• Arch Orthop Trauma Surg · Jan 1990

    Biological internal fixation of fractures.

    • C Gerber, J W Mast, and R Ganz.
    • Department of Orthopaedic Surgery, University of Bern, Inselspital, Switzerland.
    • Arch Orthop Trauma Surg. 1990 Jan 1; 109 (6): 295-303.

    AbstractTrauma centers treat more and more patients who have sustained multiple injuries during high energy accidents. The techniques of internal fixation of such fractures may be dictated by the concomitant soft tissue trauma, rather than by the bony injury. Three stages of soft tissue injuries are recognised: Stage I delineates compromised soft tissues which may be treated with standard techniques of internal fixation, provided that further devialization by surgery is avoided. Stage II implies partial, non-circumferential destruction of soft tissues, requiring alternative techniques of internal fixation to prevent (mainly septic) complications. In stage III, the soft tissues about the fracture site are destroyed and need early, specific soft tissue reconstruction.
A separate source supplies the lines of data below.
fun evalt :: "('a, 'f, 'r) struc \<Rightarrow> (nat \<Rightarrow> 'a) \<Rightarrow> 'f trm \<Rightarrow> 'a" where
  "evalt M e (Var i) = e i"
| "evalt M e (Fn f ts) = fint M f (map (evalt M e) ts)"

fun sat :: "('a, 'f, 'r) struc \<Rightarrow> (nat \<Rightarrow> 'a) \<Rightarrow> ('f, 'r) fm \<Rightarrow> bool" where
  "sat M e FFalse = False"
| "sat M e (FEq s t) = (evalt M e s = evalt M e t)"
| "sat M e (FRel r ts) = rint M r (map (evalt M e) ts)"
| "sat M e (FNeg \<phi>) = (\<not> sat M e \<phi>)"
| "sat M e (FConj \<phi> \<psi>) = (sat M e \<phi> \<and> sat M e \<psi>)"
| "sat M e (FEx i \<phi>) = (\<exists>a\<in>univ M. sat M (e(i := a)) \<phi>)"

text \<open>Only used for formulas whose free variables are among \<open>{..<length xs}\<close>.\<close>
definition holds :: "('a, 'f, 'r) struc \<Rightarrow> ('f, 'r) fm \<Rightarrow> 'a list \<Rightarrow> bool" where
  "holds M \<phi> xs \<longleftrightarrow> sat M (\<lambda>i. xs ! i) \<phi>"

definition same_tp :: "('a, 'f, 'r) struc \<Rightarrow> 'a list \<Rightarrow> 'a list \<Rightarrow> bool" where
  "same_tp M xs ys \<longleftrightarrow> length xs = length ys \<and>
     (\<forall>\<phi>::('f,'r) fm. fv \<phi> \<subseteq> {..<length xs} \<longrightarrow> (holds M \<phi> xs \<longleftrightarrow> holds M \<phi> ys))"

definition tuples :: "('a, 'f, 'r) struc \<Rightarrow> nat \<Rightarrow> 'a list set" where
  "tuples M n = {xs. set xs \<subseteq> univ M \<and> length xs = n}"

text \<open>A formula with parameters in the variables \<open>x_0,...,x_{n-1}\<close> is an instance
\<open>\<theta>(u_0,...,u_{k-1})\<close> of a formula \<open>\<theta>(v_0,...,v_{k-1})\<close> where each \<open>u_j\<close> is either a
variable \<open>x_i\<close> (Inl i) or a parameter a (Inr a).\<close>
type_synonym ('a, 'f, 'r) pfm = "('f, 'r) fm \<times> (nat + 'a) list"

definition arg_val :: "'a list \<Rightarrow> nat + 'a \<Rightarrow> 'a" where
  "arg_val xs u = (case u of Inl i \<Rightarrow> xs ! i | Inr a \<Rightarrow> a)"

definition holds_p :: "('a, 'f, 'r) struc \<Rightarrow> ('a, 'f, 'r) pfm \<Rightarrow> 'a list \<Rightarrow> bool" where
  "holds_p M p xs \<longleftrightarrow> holds M (fst p) (map (arg_val xs) (snd p))"

definition wf_pfm :: "('a, 'f, 'r) struc \<Rightarrow> nat \<Rightarrow> ('a, 'f, 'r) pfm \<Rightarrow> bool" where
  "wf_pfm M n p \<longleftrightarrow> fv (fst p) \<subseteq> {..<length (snd p)} \<and>
     (\<forall>u\<in>set (snd p). (\<forall>i. u = Inl i \<longrightarrow> i < n) \<and> (\<forall>a. u = Inr a \<longrightarrow> a \<in> univ M))"

definition params :: "('a, 'f, 'r) pfm \<Rightarrow> 'a set" where
  "params p = {a. Inr a \<in> set (snd p)}"

definition realizes :: "('a, 'f, 'r) struc \<Rightarrow> nat \<Rightarrow> 'a list \<Rightarrow> ('a, 'f, 'r) pfm set \<Rightarrow> bool" where
  "realizes M n xs P \<longleftrightarrow> xs \<in> tuples M n \<and> (\<forall>p\<in>P. holds_p M p xs)"

definition split_pfm :: "nat \<Rightarrow> ('f, 'r) fm \<Rightarrow> 'a list \<Rightarrow> ('a, 'f, 'r) pfm" where
  "split_pfm n \<phi> d = (\<phi>, map Inl [0..<n] @ map Inr d)"
lemma relabel_mono:
  assumes len: "length D = k" "length e = k" and st: "is_state D \<phi>"
    and sig: "\<forall>j<k. \<forall>c<e!j. \<sigma> j c < D!j" and inj: "\<forall>j<k. inj_on (\<sigma> j) {..<e!j}"
    and supp: "\<forall>i. \<phi> i \<noteq> 0 \<longrightarrow> (\<forall>j<k. i!j \<in> \<sigma> j ` {..<e!j})"
  shows "is_state e (relabel e \<sigma> \<phi>) \<and> E e (proj (relabel e \<sigma> \<phi>)) \<le> E D (proj \<phi>)"
proof -
  define Dl where "Dl l = map (\<lambda>j. if j < l then e!j else D!j) [0..<k]" for l
  define \<sigma>l where "\<sigma>l l j = (if j < l then \<sigma> j else (\<lambda>c. c))" for l j
  have "is_state (Dl l) (relabel (Dl l) (\<sigma>l l) \<phi>) \<and> E (Dl l) (proj (relabel (Dl l) (\<sigma>l l) \<phi>)) \<le> E D (proj \<phi>)"
    if "l \<le> k" for l
    using that
  proof (induction l)
    case 0
    have "Dl 0 = D" using len by (auto simp: Dl_def intro: nth_equalityI)
    moreover have "\<sigma>l 0 = (\<lambda>_ c. c)" by (simp add: \<sigma>l_def fun_eq_iff)
    ultimately show ?case using st by (simp add: relabel_id)
  next
    case (Suc l)
    then have l: "l < k" by simp
    let ?\<psi> = "relabel (Dl l) (\<sigma>l l) \<phi>"
    have len_l: "length (Dl l) = k" by (simp add: Dl_def)
    have Dl_Suc: "Dl (Suc l) = (Dl l)[l := e!l]"
      using l by (auto simp: Dl_def nth_list_update intro!: nth_equalityI)
    have \<sigma>l_Suc: "\<sigma>l (Suc l) = (\<sigma>l l)(l := \<sigma> l)" by (auto simp: \<sigma>l_def)
    have sig_l: "\<forall>c<e!l. \<sigma> l c < Dl l ! l" using sig l by (simp add: Dl_def)
    have supp_l: "\<forall>i. ?\<psi> i \<noteq> 0 \<longrightarrow> i!l \<in> \<sigma> l ` {..<e!l}"
    proof (intro allI impI)
      fix i assume "?\<psi> i \<noteq> 0"
      then have "\<phi> (map (\<lambda>j. \<sigma>l l j (i!j)) [0..<k]) \<noteq> 0" by (simp add: relabel_def len_l split: if_splits)
      then show "i!l \<in> \<sigma> l ` {..<e!l}" using supp l by (force simp: \<sigma>l_def)
    qed
    have "relabel (Dl (Suc l)) (\<sigma>l (Suc l)) \<phi> = relabel_party ((Dl l)[l := e!l]) l (\<sigma> l) ?\<psi>"
      unfolding Dl_Suc \<sigma>l_Suc using l sig_l len_l by (subst relabel_party_relabel) (auto simp: \<sigma>l_def)
    then show ?case
      using Suc l relabel_party_state[OF _ _ sig_l _ supp_l] relabel_party_mono[OF len_l _ l sig_l _ supp_l]
        inj len_l Dl_Suc by fastforce
  qed
  moreover have "Dl k = e" using len by (auto simp: Dl_def intro: nth_equalityI)
  moreover have "relabel e (\<sigma>l k) \<phi> = relabel e \<sigma> \<phi>"
  proof -
    have "map (\<lambda>j. \<sigma>l k j (i!j)) [0..<length e] = map (\<lambda>j. \<sigma> j (i!j)) [0..<length e]" for i
      using len by (simp add: \<sigma>l_def)
    then show ?thesis unfolding relabel_def by presburger
  qed
  ultimately show ?thesis by (metis order_refl)
qed

lemma local_measurement_mono:
  assumes len: "length D = k" and st: "is_state D \<phi>" and j: "j < k"
    and st1: "is_state D \<chi>1" and st2: "is_state D \<chi>2"
    and split1: "\<And>i. (if i!j \<in> S then \<phi> i else 0) = \<alpha>1 * \<chi>1 i"
    and split2: "\<And>i. (if i!j \<notin> S then \<phi> i else 0) = \<alpha>2 * \<chi>2 i"
  shows "(cmod \<alpha>1)\<^sup>2 * E D (proj \<chi>1) + (cmod \<alpha>2)\<^sup>2 * E D (proj \<chi>2) \<le> E D (proj \<phi>)"
proof -
  have jD: "j < length D" using j len by simp
  have "(\<Sum>m\<in>{0::nat,1}. (if m = 0 then (cmod \<alpha>1)\<^sup>2 else (cmod \<alpha>2)\<^sup>2) *
      E (D[j := D!j]) (proj (if m = 0 then \<chi>1 else \<chi>2))) \<le> E D (proj \<phi>)"
  proof (rule local_instrument_mono[OF len st j local_instrument_split_kraus])
    fix m i i' assume "m \<in> {0::nat,1}"
    then show "local_op (D[j := D!j]) j (D!j) 1 (split_kraus S m) (proj \<phi>) i i'
        = complex_of_real (if m = 0 then (cmod \<alpha>1)\<^sup>2 else (cmod \<alpha>2)\<^sup>2) * proj (if m = 0 then \<chi>1 else \<chi>2) i i'"
      using local_op_split_kraus[OF jD st] split1 split2 proj_scale by auto
  qed (use st1 st2 in auto)
  then show ?thesis by simp
qed

lemma dsum_first_mono:
  assumes l: "length d = k" "length d' = k" and s1: "is_state d \<phi>" and s2: "is_state d' \<psi>"
  shows "E d (proj \<phi>) \<le> E (dsum_dims d d') (proj (dsum d d' 1 \<phi> 0 \<psi>))"
proof -
  have "is_state (dsum_dims d d') (dsum d d' 1 \<phi> 0 \<psi>)" using l k_pos s1 s2 by (intro dsum_state) auto
  moreover have "\<forall>i. dsum d d' 1 \<phi> 0 \<psi> i \<noteq> 0 \<longrightarrow> (\<forall>j<k. i!j \<in> (\<lambda>c. c) ` {..<d!j})"
    using l by (auto simp: dsum_def split: if_splits)
  ultimately show ?thesis
    using relabel_mono[of "dsum_dims d d'" d "dsum d d' 1 \<phi> 0 \<psi>" "\<lambda>_ c. c"] relabel_dsum_first[of d d' \<phi> 0 \<psi>] l s1 by auto
qed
Indirect reduction without further devascularization of bone, aiming at perfect alignment rather than anatomical reduction of extraarticular fractures, optimal rather than maximal internal fixation as well as the inclusion of soft tissue reconstructive procedures into the armamentarium of the orthopaedic surgeon, require an intellectual and technical reorientation but can be shown to improve the results of the treatment of fractures with concomitant soft tissue injury.